By: Yuting Zhang 1, Jiao Bao 1, Jueyan Li 2
1Chengdu Technological University, Chengdu, Sichuan, 610000, China
2460media, Adelaide, SA5000, Australia

Abstract

Aiming at the challenges of insufficient model generalization ability and computational inefficiency in class imbalance multiclassification problems, this paper proposes an integrated learning algorithm optimization framework based on the sample weight distribution mechanism.

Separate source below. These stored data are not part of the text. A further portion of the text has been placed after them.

lemma graph_connected_frontier_edge:
  assumes E: "E \<in> simple_graphs k" and con: "graph_connected k E"
    and xs: "xs \<noteq> []" "set xs \<subseteq> {0..<k}" "set xs \<noteq> {0..<k}"
  shows "\<exists>j<length xs. \<exists>u\<in>{0..<k} - set xs. {u, xs ! j} \<in> E"
proof -
  obtain w where w: "w \<in> {0..<k}" "w \<notin> set xs"
    using xs by blast
  have "(hd xs, w) \<in> (adj E)\<^sup>*"
    using con w xs by (simp add: graph_connected_def subset_iff)
  then obtain x y where "(x, y) \<in> adj E" "x \<in> set xs" "y \<notin> set xs"
    using w xs by (elim rtrancl_leaves_set) auto
  moreover from this obtain j where "j < length xs" "xs ! j = x"
    by (auto simp: in_set_conv_nth)
  moreover from calculation have "y \<in> {0..<k}"
    using E by (auto simp: adj_def simple_graphs_def)
  ultimately show ?thesis
    by (auto simp: adj_def insert_commute intro!: exI[of _ j] bexI[of _ y])
qed

lemma bfs_prefix_extend:
  assumes inv: "bfs_prefix k E xs p" and E: "E \<in> simple_graphs k" and con: "graph_connected k E"
    and xs: "xs \<noteq> []" "length xs < k"
  shows "\<exists>u q. bfs_prefix k E (xs @ [u]) q"
proof -
  define n where "n = length xs"
  define Q where "Q j \<longleftrightarrow> j < n \<and> (\<exists>u\<in>{0..<k} - set xs. {u, xs ! j} \<in> E)" for j
  define m where "m = (LEAST j. Q j)"
  have "set xs \<noteq> {0..<k}"
    using inv xs by (metis bfs_prefix_def distinct_card card_atLeastLessThan diff_zero less_irrefl)
  then have "\<exists>j. Q j"
    using graph_connected_frontier_edge[OF E con] inv xs by (auto simp: Q_def n_def bfs_prefix_def)
  then have "Q m" and m_least: "\<And>j. Q j \<Longrightarrow> m \<le> j"
    unfolding m_def by (auto intro: LeastI_ex Least_le)
  then obtain u where m: "m < n" and u: "u \<in> {0..<k} - set xs" "{u, xs ! m} \<in> E"
    by (auto simp: Q_def)
  define q where "q = p(n := m)"
  have n: "0 < n" "length (xs @ [u]) = Suc n"
    using xs by (simp_all add: n_def)
  have nth: "(xs @ [u]) ! i = (if i < n then xs ! i else u)" if "i \<le> n" for i
    using that by (simp add: nth_append n_def)
  have last_parent: "p (n - 1) \<le> m"
    using inv u m by (auto simp: bfs_prefix_def n_def)
  have "p i \<le> m" if "i < n" for i
  proof -
    have "mono_on {0..<n} p"
      using inv by (simp add: bfs_prefix_def n_def)
    then have "p i \<le> p (n - 1)"
      using that by (auto intro: mono_onD)
    with last_parent show ?thesis by simp
  qed
  then have "mono_on {0..<Suc n} q"
    using inv by (auto simp: mono_on_def q_def bfs_prefix_def n_def)
  moreover have "q i < i \<and> {(xs @ [u]) ! i, (xs @ [u]) ! q i} \<in> E" if "i \<in> {1..<Suc n}" for i
  proof (cases "i = n")
    case False
    with that have "i < n" "p i < i" "{xs ! i, xs ! p i} \<in> E"
      using inv by (auto simp: bfs_prefix_def n_def)
    then show ?thesis
      by (simp add: q_def nth_append n_def)
  qed (use m u nth in \<open>simp add: q_def insert_commute\<close>)
  moreover have "m \<le> j"
    if "v \<in> {0..<k} - set (xs @ [u])" "j < Suc n" "{v, (xs @ [u]) ! j} \<in> E" for v j
  proof (cases "j = n")
    case False
    with that have "Q j"
      using nth[of j] by (auto simp: Q_def)
    then show ?thesis
      by (rule m_least)
  qed (use m in simp)
  ultimately have "bfs_prefix k E (xs @ [u]) q"
    using inv u n by (auto simp: bfs_prefix_def q_def)
  then show ?thesis by blast
qed

lemma bfs_prefix_exists:
  assumes E: "E \<in> simple_graphs k" and con: "graph_connected k E"
  shows "1 \<le> n \<Longrightarrow> n \<le> k \<Longrightarrow> \<exists>xs p. bfs_prefix k E xs p \<and> length xs = n"
proof (induction n)
  case (Suc n)
  show ?case
  proof (cases "n = 0")
    case True
    with Suc.prems have "bfs_prefix k E [0] (\<lambda>_. 0) \<and> length [0] = Suc n"
      using bfs_prefix_start by simp
    then show ?thesis by blast
  next
    case False
    with Suc obtain xs p where xs: "bfs_prefix k E xs p" "length xs = n"
      by auto
    moreover from xs False Suc.prems obtain u q where "bfs_prefix k E (xs @ [u]) q"
      using bfs_prefix_extend[OF _ E con] by fastforce
    ultimately show ?thesis
      by (metis length_append_singleton)
  qed
qed simp

definition bfs_parent_maps :: "nat \<Rightarrow> (nat \<Rightarrow> nat) set" where
  "bfs_parent_maps k =
     {p \<in> {0..<k} \<rightarrow>\<^sub>E {0..<k}. mono_on {0..<k} p \<and> (\<forall>i\<in>{1..<k}. p i < i)}"

definition parent_tree :: "nat \<Rightarrow> (nat \<Rightarrow> nat) \<Rightarrow> nat set set" where
  "parent_tree k p = (\<lambda>i. {i, p i}) ` {1..<k}"

lemma card_bfs_parent_maps: "card (bfs_parent_maps k) \<le> 4 ^ k"
proof -
  have "card (bfs_parent_maps k) \<le> card {p \<in> {0..<k} \<rightarrow>\<^sub>E {0..<k}. mono_on {0..<k} p}"
    by (intro card_mono) (auto simp: bfs_parent_maps_def finite_PiE)
  also have "\<dots> \<le> 2 ^ (k + k)"
    by (rule card_mono_maps_le)
  finally show ?thesis
    by (simp add: power_add flip: power_mult_distrib)
qed

lemma card_parent_tree:
  assumes "\<forall>i\<in>{1..<k}. p i < i"
  shows "card (parent_tree k p) = k - 1"
proof -
  have "inj_on (\<lambda>i. {i, p i}) {1..<k}"
    using assms by (intro inj_onI) (metis doubleton_eq_iff less_asym)
  then show ?thesis
    by (simp add: parent_tree_def card_image)
qed

lemma connected_relabel_contains_parent_tree:
  assumes E: "E \<in> simple_graphs k" and con: "graph_connected k E" and k: "0 < k"
  obtains f p where "bij_betw f {0..<k} {0..<k}" "p \<in> bfs_parent_maps k"
    "parent_tree k p \<subseteq> relabel f E"
proof -
  obtain xs p where bfs: "bfs_prefix k E xs p" and len: "length xs = k"
    using bfs_prefix_exists[OF E con, of k] k by auto
  have "set xs = {0..<k}"
    using bfs len by (auto simp: bfs_prefix_def card_subset_eq distinct_card)
  then have nth: "bij_betw ((!) xs) {0..<k} {0..<k}"
    using bfs len by (intro bij_betw_nth) (auto simp: bfs_prefix_def)
  define f where "f = inv_into {0..<k} ((!) xs)"
  have f_nth: "f (xs ! i) = i" if "i < k" for i
    using nth that by (simp add: f_def bij_betw_def)
  have "restrict p {0..<k} \<in> bfs_parent_maps k"
  proof -
    have "p 0 = 0" "\<forall>i\<in>{1..<k}. p i < i"
      using bfs len by (auto simp: bfs_prefix_def)
    then have "p i < k" if "i < k" for i
      using k that by (cases "i = 0") (auto dest: bspec[of _ _ i])
    then show ?thesis
      using bfs len by (auto simp: bfs_parent_maps_def bfs_prefix_def mono_on_def)
  qed
  moreover have "parent_tree k (restrict p {0..<k}) \<subseteq> relabel f E"
  proof
    fix e assume "e \<in> parent_tree k (restrict p {0..<k})"
    then obtain i where i: "i \<in> {1..<k}" and e: "e = {i, p i}"
      by (auto simp: parent_tree_def)
    then have "p i < i" "{xs ! i, xs ! p i} \<in> E"
      using bfs len by (auto simp: bfs_prefix_def)
    moreover have "f ` {xs ! i, xs ! p i} = e"
      using i f_nth e \<open>p i < i\<close> by simp
    ultimately show "e \<in> relabel f E"
      unfolding relabel_def by blast
  qed
  ultimately show thesis
    using that bij_betw_inv_into[OF nth] by (simp add: f_def)
qed

definition extended_trees :: "nat \<Rightarrow> nat \<Rightarrow> nat set set set" where
  "extended_trees k s = (\<lambda>(p, X). parent_tree k p \<union> X) `
     (bfs_parent_maps k \<times> {X. X \<subseteq> vertex_pairs k \<and> card X \<le> s})"

lemma card_extended_trees:
  "card (extended_trees k s) \<le> 4 ^ k * (card (vertex_pairs k) + 1) ^ s"
  "finite (extended_trees k s)"
proof -
  have fin: "finite (bfs_parent_maps k)" "finite {X. X \<subseteq> vertex_pairs k \<and> card X \<le> s}"
    using finite_vertex_pairs by (auto simp: bfs_parent_maps_def finite_PiE)
  then show "finite (extended_trees k s)"
    by (simp add: extended_trees_def)
  have "card (extended_trees k s)
      \<le> card (bfs_parent_maps k) * card {X. X \<subseteq> vertex_pairs k \<and> card X \<le> s}"
    unfolding extended_trees_def card_cartesian_product[symmetric] by (rule card_image_le) (simp add: fin)
  also have "\<dots> \<le> 4 ^ k * (card (vertex_pairs k) + 1) ^ s"
    by (intro mult_mono card_bfs_parent_maps card_bounded_subsets_le finite_vertex_pairs) auto
  finally show "card (extended_trees k s) \<le> 4 ^ k * (card (vertex_pairs k) + 1) ^ s" .
qed

lemma sparse_connected_iso_extended_tree:
  assumes E: "E \<in> sparse_connected k" and k: "0 < k"
  shows "\<exists>E'\<in>extended_trees k (nat \<lfloor>k / ln k\<rfloor>). E' \<in> sparse_connected k \<and> graph_iso k E E'"
proof -
  have "E \<in> simple_graphs k" "graph_connected k E"
    using E by (auto simp: sparse_connected_def)
  then obtain f p where f: "bij_betw f {0..<k} {0..<k}" and p: "p \<in> bfs_parent_maps k"
    and tree: "parent_tree k p \<subseteq> relabel f E"
    using connected_relabel_contains_parent_tree k by blast
  define X where "X = relabel f E - parent_tree k p"
  have E': "relabel f E \<in> sparse_connected k"
    using sparse_connected_relabel[OF f E] .
  then have "X \<subseteq> vertex_pairs k" and fin: "finite (relabel f E)"
    using finite_vertex_pairs by (auto simp: X_def sparse_connected_def simple_graphs_eq_Pow
        intro: finite_subset)
  have "card (parent_tree k p) = k - 1"
    using p by (simp add: bfs_parent_maps_def card_parent_tree)
  moreover have "card X = card (relabel f E) - card (parent_tree k p)"
    unfolding X_def by (rule card_Diff_subset[OF finite_subset[OF tree fin] tree])
  moreover have "card (parent_tree k p) \<le> card (relabel f E)"
    by (rule card_mono[OF fin tree])
  ultimately have "card X = card (relabel f E) - (k - 1)" "k - 1 \<le> card (relabel f E)"
    by simp_all
  then have "real (card X) = real (card (relabel f E)) - (real k - 1)"
    using k by (simp add: of_nat_diff)
  then have "real (card X) \<le> k / ln k"
    using E' by (simp add: sparse_connected_def)
  then have "card X \<le> nat \<lfloor>k / ln k\<rfloor>"
    by (simp add: le_nat_floor)
  with \<open>X \<subseteq> vertex_pairs k\<close> p have "relabel f E \<in> extended_trees k (nat \<lfloor>k / ln k\<rfloor>)"
    using tree by (auto simp: extended_trees_def X_def image_iff intro!: bexI[of _ "(p, X)"])
  moreover have "graph_iso k E (relabel f E)"
    using f by (auto simp: graph_iso_iff_relabel)
  ultimately show ?thesis
    using E' by blast
qed

lemma square_power_le_nine_power:
  fixes k s :: nat
  assumes "real s \<le> k / ln k"
  shows "(k ^ 2) ^ s \<le> 9 ^ k"
proof (cases "k \<le> 1")
  case True
  then have "(k ^ 2) ^ s \<le> 1"
    by (intro power_le_one) (auto simp: le_Suc_eq)
  then show ?thesis
    using one_le_power[of "9::nat" k] by linarith
next
  case False
  then have ln: "ln k > 0" by simp
  have "real ((k ^ 2) ^ s) = exp (ln k) ^ (2 * s)"
    using False by (simp add: power_mult)
  also have "\<dots> = exp (real (2 * s) * ln k)"
    by (rule exp_of_nat_mult[symmetric])
  also have "\<dots> \<le> exp (real (2 * k))"
  proof -
    have "real s * ln k \<le> k"
      using assms ln by (simp add: pos_le_divide_eq)
    then show ?thesis
      by simp
  qed
  also have "\<dots> = exp 1 ^ (2 * k)"
    by (metis exp_of_nat_mult mult.right_neutral)
  also have "\<dots> \<le> 3 ^ (2 * k)"
    by (intro power_mono exp_le) simp
  also have "\<dots> = 9 ^ k"
    by (simp add: power_mult)
  finally show ?thesis
    by (metis of_nat_le_iff of_nat_numeral of_nat_power)
qed

theorem mainTheorem6:
  fixes k :: nat
  assumes "k \<ge> 1"
  shows "num_unlabeled_sparse_connected k < 100 ^ k"
proof -
  let ?R = "{(E, E'). E \<in> sparse_connected k \<and> E' \<in> sparse_connected k \<and> graph_iso k E E'}"
  let ?s = "nat \<lfloor>k / ln k\<rfloor>"
  have "equiv (sparse_connected k) ?R"
    by (rule equiv_graph_iso) (auto simp: sparse_connected_def)
  then have "card (sparse_connected k // ?R) \<le> card (extended_trees k ?s)"
    using card_extended_trees(2) sparse_connected_iso_extended_tree assms
    by (intro card_quotient_le_card_representatives) auto
  also have "\<dots> \<le> 4 ^ k * (k ^ 2) ^ ?s"
    using card_extended_trees(1) card_vertex_pairs_less_square[OF assms]
    by (meson le_trans mult_le_mono2 power_mono zero_le)
  also have "\<dots> \<le> 4 ^ k * 9 ^ k"
    using assms by (intro mult_le_mono2 square_power_le_nine_power) simp
  also have "\<dots> = 36 ^ k"
    by (simp flip: power_mult_distrib)
  also have "\<dots> < 100 ^ k"
    using assms by (intro power_strict_mono) auto
  finally show ?thesis
    by (simp add: num_unlabeled_sparse_connected_def)
qed

end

A Gaussian mapping-enhanced G-SMOTE oversampling method is designed to dynamically adjust the boundary distribution weights of a few class samples. Combining the fast binary classification property of TWSVM and the weight adaptation mechanism of AdaBoost, the integrated model based on the OVO strategy is constructed.The average AUC value of the G-SMOTE method on the 2 datasets with low imbalance ratios is 0.891, which is higher than that of the original dataset, the single downsampling, and the SMOTE oversampling, respectively, by 0.181, 0.187, and 0.137.The mean AUC value on the 2 datasets with high imbalance ratios is 0.891, which is higher than that of the original dataset, the single downsampling, and the SMOTE oversampling, respectively. The same performance is optimal on the 2 datasets with high imbalance ratios.The convergence speed of AdaBoost-TWSVM has an advantage over Pa_Ada, and a large advantage over SWA_Adaboost and IPAB. The test error of AdaBoost-TWSVM is reduced by an average of 9.22, 15.41, 6.08, and 9.38 percentage points compared to the other six algorithms on the four datasets, respectively. Compared with TWSVM, the acceleration ratios of AdaBoost-TWSVM algorithms are all improved to a certain extent, and the acceleration effect is most significant in the high-dimensional dataset Kddcupbuffer, with the acceleration ratio of node 3 reaching 2.37 ± 0.03. This algorithm demonstrates strong parallel computing capabilities and scalability when handling large-scale datasets, making it suitable for the classification and detection of painted images. When applied to the classification of Zhang Daqian’s early and later landscape paintings, the algorithm achieved more satisfactory results in image classification accuracy.